Now consider its efficiency, assuming the sorted array is free. The binary search on a cursor takes \(O(\log h)\) time, then it takes another \(O(m)\) time for linear search, where \(h\) is the length of the subarray trimmed by its following cursor and \(m\) is the length of the subarray as found by the binary search. Although we did not scan through the whole array for each cursor, we are close to doing that. The average complexity would be \(O(N^{k-1}\log N/k!)\).

Unsorted array

If the array is unsorted, and never to be sorted. Here is a method to find the solution using hash table.

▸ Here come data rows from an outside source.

(* If $X$ is a crowded submaximal (Tychonoff) space, then $B_1(X)$ is a Baire space.
   Context: A space is crowded if it is non-empty and has no isolated points; it is submaximal if every dense subset is open. $B_1(X)$ is the set of all Baire-one real-valued functions on $X$ (pointwise limits of sequences of continuous real-valued functions on $X$) with the topology of pointwise convergence. A space is Baire if every countable intersection of open dense subsets is dense. All spaces are assumed Tychonoff. *)

theory Defs
  imports "HOL-Analysis.Analysis"
begin

definition tychonoff_space :: "'a topology \<Rightarrow> bool" where
  "tychonoff_space X \<longleftrightarrow> completely_regular_space X \<and> t1_space X"

definition crowded_space :: "'a topology \<Rightarrow> bool" where
  "crowded_space X \<longleftrightarrow> topspace X \<noteq> {} \<and> (\<forall>x \<in> topspace X. \<not> openin X {x})"

definition submaximal_space :: "'a topology \<Rightarrow> bool" where
  "submaximal_space X \<longleftrightarrow>
     (\<forall>D. D \<subseteq> topspace X \<and> X closure_of D = topspace X \<longrightarrow> openin X D)"

definition baire_space :: "'a topology \<Rightarrow> bool" where
  "baire_space X \<longleftrightarrow>
     (\<forall>U :: nat \<Rightarrow> 'a set.
        (\<forall>n. openin X (U n) \<and> X closure_of (U n) = topspace X)
        \<longrightarrow> X closure_of (topspace X \<inter> (\<Inter>n. U n)) = topspace X)"

text \<open>Baire-one real functions on X, represented as extensional functions on
  topspace X (the points of the product space), that are pointwise limits of
  sequences of continuous real-valued functions on X.\<close>
definition baire_one :: "'a topology \<Rightarrow> ('a \<Rightarrow> real) set" where
  "baire_one X = {f. f \<in> extensional (topspace X) \<and>
     (\<exists>g :: nat \<Rightarrow> 'a \<Rightarrow> real. (\<forall>n. continuous_map X euclideanreal (g n)) \<and>
        (\<forall>x \<in> topspace X. (\<lambda>n. g n x) \<longlonglongrightarrow> f x))}"

definition B1 :: "'a topology \<Rightarrow> ('a \<Rightarrow> real) topology" where
  "B1 X = subtopology (powertop_real (topspace X)) (baire_one X)"

end

theory Submission
  imports Defs
begin

text \<open>
  B_1(X) is a subspace of the product space R^X, whose basic open sets constrain finitely many
  coordinates. Inside a given open set choose basic open sets B_0 \<supseteq> B_1 \<supseteq> ..., with B_(n+1) inside
  the n-th dense open set and radii tending to 0. Their centres converge pointwise on the countable
  set S of coordinates involved, so B_1(X) is Baire as soon as every real function on a countable
  S \<subseteq> X agrees on S with some Baire-one function.

  In a submaximal Tychonoff space this interpolation is possible. The interior V of S is open and
  countable; sums of bump functions at finitely many of its points converge pointwise to any
  prescribed function on V that vanishes off V. Every subset of N = S - V has empty interior, so
  it is closed by submaximality; hence N is closed and discrete, and a "first hit" selection among
  bumps at the points of N is a pointwise limit of continuous functions that interpolates on N.
\<close>

section \<open>Baire-one functions interpolating on countable sets\<close>

definition baire_one_function :: "'a topology \<Rightarrow> ('a \<Rightarrow> real) \<Rightarrow> bool" where
  "baire_one_function X f \<longleftrightarrow>
     (\<exists>g :: nat \<Rightarrow> 'a \<Rightarrow> real. (\<forall>n. continuous_map X euclideanreal (g n)) \<and>
        (\<forall>x \<in> topspace X. (\<lambda>n. g n x) \<longlonglongrightarrow> f x))"

lemma restrict_in_baire_one:
  assumes "baire_one_function X f"
  shows "restrict f (topspace X) \<in> baire_one X"
proof -
  obtain g where "\<And>n. continuous_map X euclideanreal (g n)"
      "\<And>x. x \<in> topspace X \<Longrightarrow> (\<lambda>n. g n x) \<longlonglongrightarrow> f x"
    using assms unfolding baire_one_function_def by blast
  then show ?thesis unfolding baire_one_def by auto
qed

lemma baire_one_function_add:
  assumes "baire_one_function X f" "baire_one_function X g"
  shows "baire_one_function X (\<lambda>x. f x + g x)"
proof -
  obtain a where "\<And>n. continuous_map X euclideanreal (a n)"
      "\<And>x. x \<in> topspace X \<Longrightarrow> (\<lambda>n. a n x) \<longlonglongrightarrow> f x"
    using assms(1) unfolding baire_one_function_def by blast
  moreover obtain b where "\<And>n. continuous_map X euclideanreal (b n)"
      "\<And>x. x \<in> topspace X \<Longrightarrow> (\<lambda>n. b n x) \<longlonglongrightarrow> g x"
    using assms(2) unfolding baire_one_function_def by blast
  ultimately show ?thesis
    unfolding baire_one_function_def
    by (intro exI[of _ "\<lambda>n x. a n x + b n x"]) (auto intro: continuous_intros tendsto_add)
qed

lemma baire_one_function_eventually_eq:
  assumes "\<And>n. continuous_map X euclideanreal (g n)"
    and "\<And>x. x \<in> topspace X \<Longrightarrow> eventually (\<lambda>n. g n x = f x) sequentially"
  shows "baire_one_function X f"
  unfolding baire_one_function_def using assms by (blast intro: tendsto_eventually)

lemma completely_regular_space_bump:
  assumes "completely_regular_space X" "closedin X C" "y \<in> topspace X - C"
  shows "\<exists>e. continuous_map X euclideanreal e \<and> e y = 1 \<and> (\<forall>z\<in>C. e z = 0)"
proof -
  obtain e where "continuous_map X euclideanreal e" "e y = 1" "e ` C \<subseteq> {0}"
    using assms unfolding completely_regular_space_gen_alt[of 1 0, simplified] by blast
  then show ?thesis by auto
qed

lemma completely_regular_t1_bump_avoiding_finite:
  assumes "completely_regular_space X" "t1_space X" "closedin X C" "finite F" "F \<subseteq> topspace X"
    and "y \<in> topspace X - C"
  shows "\<exists>e. continuous_map X euclideanreal e \<and> e y = 1 \<and> (\<forall>z \<in> C \<union> (F - {y}). e z = 0)"
proof (rule completely_regular_space_bump[OF assms(1)])
  have "closedin X (F - {y})"
    using assms(2,4,5) by (meson Diff_subset finite_Diff order_trans t1_space_closedin_finite)
  then show "closedin X (C \<union> (F - {y}))"
    using assms(3) by blast
  show "y \<in> topspace X - (C \<union> (F - {y}))"
    using assms(6) by blast
qed

lemma sum_bumps_at_point:
  fixes a :: "'a \<Rightarrow> 'b::semiring_1" and e :: "'a \<Rightarrow> 'a \<Rightarrow> 'b"
  assumes "finite F" "x \<in> F" "e x x = 1" "\<And>y. y \<in> F - {x} \<Longrightarrow> e y x = 0"
  shows "(\<Sum>y\<in>F. a y * e y x) = a x"
proof -
  have "(\<Sum>y\<in>F. a y * e y x) = (\<Sum>y\<in>F. if y = x then a x else 0)"
    using assms(3,4) by (intro sum.cong) auto
  then show ?thesis using assms(1,2) by simp
qed

lemma baire_one_function_countable_open_support:
  assumes "completely_regular_space X" "t1_space X" "openin X V" "countable V"
  shows "baire_one_function X (\<lambda>x. if x \<in> V then a x else 0)"
proof -
  have "V \<subseteq> topspace X" using assms(3) by (rule openin_subset)
  then have "\<exists>e. continuous_map X euclideanreal e \<and> e y = 1 \<and> (\<forall>z \<in> (topspace X - V) \<union> (F - {y}). e z = 0)"
    if "finite F" "F \<subseteq> V" "y \<in> V" for F y
    using that assms(3) by (intro completely_regular_t1_bump_avoiding_finite[OF assms(1,2)]) auto
  then obtain e where e: "\<And>F y. \<lbrakk>finite F; F \<subseteq> V; y \<in> V\<rbrakk> \<Longrightarrow>
      continuous_map X euclideanreal (e F y) \<and> e F y y = 1 \<and>
      (\<forall>z \<in> (topspace X - V) \<union> (F - {y}). e F y z = 0)"
    by metis
  \<comment> \<open>Summing over the finite set Vn n rather than over indices avoids repetitions.\<close>
  define Vn where "Vn n = to_nat_on V -` {..<n} \<inter> V" for n
  have Vn: "finite (Vn n)" "Vn n \<subseteq> V" for n
    unfolding Vn_def using assms(4) by (auto intro: finite_vimage_IntI)
  have e_Vn: "continuous_map X euclideanreal (e (Vn n) y) \<and> e (Vn n) y y = 1 \<and>
      (\<forall>z \<in> (topspace X - V) \<union> (Vn n - {y}). e (Vn n) y z = 0)" if "y \<in> Vn n" for n y
    using e[OF Vn(1,2)] Vn(2) that by blast
  define g where "g n x = (\<Sum>y\<in>Vn n. a y * e (Vn n) y x)" for n x
  show ?thesis
  proof (rule baire_one_function_eventually_eq)
    show "continuous_map X euclideanreal (g n)" for n
      unfolding g_def using e_Vn Vn(1) by (intro continuous_map_sum continuous_map_real_mult_left) auto
    fix x assume x: "x \<in> topspace X"
    show "\<forall>\<^sub>F n in sequentially. g n x = (if x \<in> V then a x else 0)"
    proof (cases "x \<in> V")
      case False
      then have "g n x = 0" for n
        unfolding g_def using e_Vn x by simp
      then show ?thesis using False by simp
    next
      case True
      have "g n x = a x" if "to_nat_on V x < n" for n
      proof -
        have "x \<in> Vn n" using True that unfolding Vn_def by simp
        then show ?thesis
          unfolding g_def using e_Vn by (intro sum_bumps_at_point Vn(1)) auto
      qed
      then have "\<forall>\<^sub>F n in sequentially. g n x = a x"
        by (rule eventually_mono[OF eventually_gt_at_top])
      then show ?thesis using True by simp
    qed
  qed
qed

lemma first_hit_sum:
  fixes c :: "nat \<Rightarrow> real"
  assumes "\<And>j. j < m \<Longrightarrow> c j = 0" "c m = 1" "m < n"
  shows "(\<Sum>k<n. b k * c k * (\<Prod>j<k. 1 - c j)) = b m"
proof -
  have "b k * c k * (\<Prod>j<k. 1 - c j) = (if k = m then b m else 0)" for k
  proof (cases k m rule: linorder_cases)
    case greater
    then have "(\<Prod>j<k. 1 - c j) = 0" using assms(2) by (subst prod_zero_iff) auto
    then show ?thesis using greater by simp
  qed (use assms in auto)
  then show ?thesis using assms(3) by simp
qed

lemma baire_one_function_first_hit:
  fixes \<phi> :: "nat \<Rightarrow> 'a \<Rightarrow> real" and b :: "nat \<Rightarrow> real"
  assumes "\<And>k. continuous_map X euclideanreal (\<phi> k)"
  shows "baire_one_function X (\<lambda>x. if \<exists>k. \<phi> k x > 0 then b (LEAST k. \<phi> k x > 0) else 0)"
proof -
  \<comment> \<open>As n grows, c k n x reaches the indicator of 0 < \<phi> k x, and the product switches off all
    indices after the first k with 0 < \<phi> k x.\<close>
  define c where "c k n x = min 1 (real n * max 0 (\<phi> k x))" for k n x
  define g where "g n x = (\<Sum>k<n. b k * c k n x * (\<Prod>j<k. 1 - c j n x))" for n x
  have c0: "\<phi> k x \<le> 0 \<Longrightarrow> c k n x = 0" for k n x
    unfolding c_def by simp
  show ?thesis
  proof (rule baire_one_function_eventually_eq)
    show "continuous_map X euclideanreal (g n)" for n
      unfolding g_def c_def using assms by (auto intro!: continuous_intros)
    fix x
    show "\<forall>\<^sub>F n in sequentially. g n x = (if \<exists>k. \<phi> k x > 0 then b (LEAST k. \<phi> k x > 0) else 0)"
    proof (cases "\<exists>k. \<phi> k x > 0")
      case False
      then have "g n x = 0" for n unfolding g_def using c0 by (simp add: not_less)
      then show ?thesis using False by simp
    next
      case True
      define m where "m = (LEAST k. \<phi> k x > 0)"
      have m: "\<phi> m x > 0" and before_m: "\<And>j. j < m \<Longrightarrow> \<phi> j x \<le> 0"
        unfolding m_def using True by (auto intro: LeastI_ex dest: not_less_Least)
      obtain n0 where n0: "1 < real n0 * \<phi> m x"
        using reals_Archimedean3[OF m] by blast
      have "g n x = b m" if "max n0 m < n" for n
      proof -
        have "real n0 * \<phi> m x \<le> real n * \<phi> m x"
          using that m by (intro mult_right_mono) auto
        then have "1 \<le> real n * \<phi> m x" using n0 by linarith
        then have "c m n x = 1" using m unfolding c_def by simp
        then show ?thesis
          unfolding g_def using c0 before_m that by (intro first_hit_sum) auto
      qed
      then have "\<forall>\<^sub>F n in sequentially. g n x = b m"
        by (rule eventually_mono[OF eventually_gt_at_top])
      then show ?thesis using True unfolding m_def by simp
    qed
  qed
qed
(* Let $\mathcal D$ be universal, $\mathrm H=(H,d)\in\mathfrak U_{\mathcal D}$, and let $\mathfrak t$ be a Katětov function of $\mathrm H$ with nonempty domain. Let $\mathcal D_{\mathfrak t}=\{n\in\mathcal D: n\le 2\operatorname{rank}(\mathfrak t)\}$. Then $\mathcal D_{\mathfrak t}$ is universal and the subspace of $\mathrm H$ on $\operatorname{orb}(\mathfrak t)$ is isometric to $\mathbf U_{\mathcal D_{\mathfrak t}}$; in particular $\operatorname{orb}(\mathfrak t)$ is infinite.
   Context: $\mathcal D$ is a finite subset of $\mathbb R_{\ge0}$ containing $0$. $\mathfrak U_{\mathcal D}$ is the class of countable homogeneous metric spaces (every isometry between finite subspaces extends to an isometry of the space onto itself) with distance set exactly $\mathcal D$ into which every finite metric space with distances in $\mathcal D$ embeds isometrically; these are all isometric, $\mathbf U_{\mathcal D}$ denotes one of them, and $\mathcal D$ is universal if the class is nonempty. For a metric space $(M,d)$ with distances in $\mathcal D$, a Katětov function is a map $\mathfrak t:F\to\mathcal D\setminus\{0\}$, $F\subseteq M$ finite, with $|\mathfrak t(x)-\mathfrak t(y)|\le d(x,y)\le\mathfrak t(x)+\mathfrak t(y)$ for all $x,y\in F$. Its orbit is $\operatorname{orb}(\mathfrak t)=\{y\in M\setminus F: d(y,x)=\mathfrak t(x)\text{ for all }x\in F\}$ and its rank is $\operatorname{rank}(\mathfrak t)=\min_{x\in F}\mathfrak t(x)$. *)

theory Defs
  imports Complex_Main "HOL-Library.Countable_Set"
begin

definition metric_on :: "'a set \<Rightarrow> ('a \<Rightarrow> 'a \<Rightarrow> real) \<Rightarrow> bool" where
  "metric_on M d \<longleftrightarrow>
     (\<forall>x\<in>M. \<forall>y\<in>M. d x y \<ge> 0 \<and> (d x y = 0 \<longleftrightarrow> x = y) \<and> d x y = d y x) \<and>
     (\<forall>x\<in>M. \<forall>y\<in>M. \<forall>z\<in>M. d x z \<le> d x y + d y z)"

definition dist_set :: "'a set \<Rightarrow> ('a \<Rightarrow> 'a \<Rightarrow> real) \<Rightarrow> real set" where
  "dist_set M d = {d x y | x y. x \<in> M \<and> y \<in> M}"

definition isometry_onto :: "('a \<Rightarrow> 'b) \<Rightarrow> 'a set \<Rightarrow> ('a \<Rightarrow> 'a \<Rightarrow> real)
    \<Rightarrow> 'b set \<Rightarrow> ('b \<Rightarrow> 'b \<Rightarrow> real) \<Rightarrow> bool" where
  "isometry_onto f A dA B dB \<longleftrightarrow> bij_betw f A B \<and> (\<forall>x\<in>A. \<forall>y\<in>A. dB (f x) (f y) = dA x y)"

definition isometric :: "'a set \<Rightarrow> ('a \<Rightarrow> 'a \<Rightarrow> real) \<Rightarrow> 'b set \<Rightarrow> ('b \<Rightarrow> 'b \<Rightarrow> real) \<Rightarrow> bool" where
  "isometric A dA B dB \<longleftrightarrow> (\<exists>f. isometry_onto f A dA B dB)"

definition homogeneous :: "'a set \<Rightarrow> ('a \<Rightarrow> 'a \<Rightarrow> real) \<Rightarrow> bool" where
  "homogeneous M d \<longleftrightarrow>
     (\<forall>F G f. F \<subseteq> M \<and> G \<subseteq> M \<and> finite F \<and> isometry_onto f F d G d \<longrightarrow>
        (\<exists>g. isometry_onto g M d M d \<and> (\<forall>x\<in>F. g x = f x)))"

text \<open>Membership in the class U_D. Finite metric spaces are represented (up to isometry)
  on finite subsets of nat.\<close>
definition in_U :: "real set \<Rightarrow> 'a set \<Rightarrow> ('a \<Rightarrow> 'a \<Rightarrow> real) \<Rightarrow> bool" where
  "in_U D M d \<longleftrightarrow> countable M \<and> metric_on M d \<and> dist_set M d = D \<and> homogeneous M d \<and>
     (\<forall>(N::nat set) e. finite N \<and> metric_on N e \<and> dist_set N e \<subseteq> D \<longrightarrow>
        (\<exists>f. f ` N \<subseteq> M \<and> (\<forall>x\<in>N. \<forall>y\<in>N. d (f x) (f y) = e x y)))"

text \<open>D is universal iff U_D is nonempty (countable spaces may be taken on nat).\<close>
definition universal :: "real set \<Rightarrow> bool" where
  "universal D \<longleftrightarrow> (\<exists>(M::nat set) d. in_U D M d)"

definition katetov :: "real set \<Rightarrow> 'a set \<Rightarrow> ('a \<Rightarrow> 'a \<Rightarrow> real) \<Rightarrow> 'a set \<Rightarrow> ('a \<Rightarrow> real) \<Rightarrow> bool" where
  "katetov D M d F t \<longleftrightarrow> F \<subseteq> M \<and> finite F \<and> t ` F \<subseteq> D - {0} \<and>
     (\<forall>x\<in>F. \<forall>y\<in>F. \<bar>t x - t y\<bar> \<le> d x y \<and> d x y \<le> t x + t y)"

definition orb :: "'a set \<Rightarrow> ('a \<Rightarrow> 'a \<Rightarrow> real) \<Rightarrow> 'a set \<Rightarrow> ('a \<Rightarrow> real) \<Rightarrow> 'a set" where
  "orb M d F t = {y \<in> M - F. \<forall>x\<in>F. d y x = t x}"

definition rank :: "'a set \<Rightarrow> ('a \<Rightarrow> real) \<Rightarrow> real" where
  "rank F t = Min (t ` F)"

end

theory Submission
  imports Defs
begin

(* Let H be in U_D, t a Katetov function on the finite nonempty set F, r = rank t, and
   D_t = {n \<in> D. n \<le> 2r}.  The orbit O = orb H d F t is a subspace of H, hence countable and
   metric, and its distances are at most 2r (pass through a point x0 with t x0 = r).
   The heart of the proof is that every finite metric space N with distances in D_t embeds
   into O: gluing N to F, with every point of N at distance t x from x \<in> F, gives a finite
   metric space with distances in D (because t is Katetov and distances in N are \<le> 2 t x);
   it embeds into H by universality, and homogeneity of H moves the image of F back onto F
   pointwise, so that the image of N lands in O.
   O is homogeneous because an isometry between finite parts of O, extended by the identity
   on F, extends to an isometry of H fixing F, which maps O onto itself.  Embedding
   equilateral spaces shows that every element of D_t is a distance of O and that O is
   infinite.  Transporting O to a subset of nat finally witnesses that D_t is universal. *)

subsection \<open>Isometries\<close>

lemma isometry_onto_comp:
  "isometry_onto f A dA B dB \<Longrightarrow> isometry_onto g B dB C dC \<Longrightarrow> isometry_onto (g \<circ> f) A dA C dC"
  unfolding isometry_onto_def by (auto intro: comp_inj_on simp: bij_betw_def)

lemma isometry_onto_inv:
  assumes "isometry_onto f A dA B dB"
  shows "isometry_onto (inv_into A f) B dB A dA"
proof -
  have f: "bij_betw f A B" and fd: "\<forall>x\<in>A. \<forall>y\<in>A. dB (f x) (f y) = dA x y"
    using assms unfolding isometry_onto_def by auto
  have "dA (inv_into A f x) (inv_into A f y) = dB x y" if "x \<in> B" "y \<in> B" for x y
  proof -
    have "inv_into A f x \<in> A" "inv_into A f y \<in> A"
      "f (inv_into A f x) = x" "f (inv_into A f y) = y"
      using f that by (auto simp: bij_betw_def inv_into_into f_inv_into_f)
    then show ?thesis using fd by metis
  qed
  then show ?thesis using bij_betw_inv_into[OF f] unfolding isometry_onto_def by auto
qed

lemma isometry_onto_restrict:
  "isometry_onto f A dA B dB \<Longrightarrow> S \<subseteq> A \<Longrightarrow> isometry_onto f S dA (f ` S) dB"
  unfolding isometry_onto_def bij_betw_def by (auto intro: inj_on_subset)

lemma isometry_onto_transport:
  assumes "inj_on f M"
  shows "isometry_onto f M d (f ` M) (\<lambda>a b. d (inv_into M f a) (inv_into M f b))"
  using assms unfolding isometry_onto_def by (auto simp: inj_on_imp_bij_betw)

lemma metric_on_subset: "metric_on M d \<Longrightarrow> S \<subseteq> M \<Longrightarrow> metric_on S d"
  unfolding metric_on_def by blast

lemma metric_on_isometry:
  assumes "metric_on M d" and "isometry_onto f M d N e"
  shows "metric_on N e"
proof -
  have N: "N = f ` M" and f_inj: "inj_on f M"
    and fd: "\<And>x y. x \<in> M \<Longrightarrow> y \<in> M \<Longrightarrow> e (f x) (f y) = d x y"
    using assms(2) unfolding isometry_onto_def bij_betw_def by auto
  show ?thesis unfolding metric_on_def N
  proof (intro conjI ballI)
    fix a b assume "a \<in> f ` M" "b \<in> f ` M"
    then obtain x y where "x \<in> M" "y \<in> M" "a = f x" "b = f y" by auto
    then show "e a b \<ge> 0" "e a b = 0 \<longleftrightarrow> a = b" "e a b = e b a"
      using assms(1) fd f_inj unfolding metric_on_def inj_on_def by metis+
  next
    fix a b c assume "a \<in> f ` M" "b \<in> f ` M" "c \<in> f ` M"
    then obtain x y z where "x \<in> M" "y \<in> M" "z \<in> M" "a = f x" "b = f y" "c = f z" by auto
    then show "e a c \<le> e a b + e b c" using assms(1) fd unfolding metric_on_def by metis
  qed
qed

lemma dist_set_isometry:
  assumes "isometry_onto f M d N e"
  shows "dist_set N e = dist_set M d"
proof -
  have N: "N = f ` M" and fd: "\<And>x y. x \<in> M \<Longrightarrow> y \<in> M \<Longrightarrow> e (f x) (f y) = d x y"
    using assms unfolding isometry_onto_def bij_betw_def by auto
  show ?thesis unfolding dist_set_def N
  proof (intro set_eqI iffI)
    fix r assume "r \<in> {e a b |a b. a \<in> f ` M \<and> b \<in> f ` M}"
    then obtain x y where "x \<in> M" "y \<in> M" "r = e (f x) (f y)" by auto
    then show "r \<in> {d x y |x y. x \<in> M \<and> y \<in> M}" using fd by auto
  next
    fix r assume "r \<in> {d x y |x y. x \<in> M \<and> y \<in> M}"
    then obtain x y where "x \<in> M" "y \<in> M" "r = e (f x) (f y)" using fd by auto
    then show "r \<in> {e a b |a b. a \<in> f ` M \<and> b \<in> f ` M}" by blast
  qed
qed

Since we are looking for 4 elements that make up \(S\), we can do 2+2 elements, like this

#!/usr/bin/env python

a = [0,8,12,13,16,23,26,30,37,39,55,59,61,62,63,70,89]
S = 8+23+59+70
hash = dict( (ii+jj, (i,j)) for i,ii in enumerate(a) for j,jj in enumerate(a) if i<j )
result = [hash[k]+hash[S-k] for k in hash.keys()
             if k < S/2 and                  # search only for half of the list
                S-k in hash and              # the key condition to make the result
                hash[k][-1] < hash[S-k][0]]  # limit result to only ascending order
print result

The hash is computed in \(O(N^2)\) time and the result is done by scanning the hash once, also \(O(N^2)\) time due to its size. So this is an \(O(N^2)\) algorithm to find the 4 elements in an unsorted array. Trivially, we can find the \(k\) elements that add up to S in \(O(N^{k/2})\) time using this method.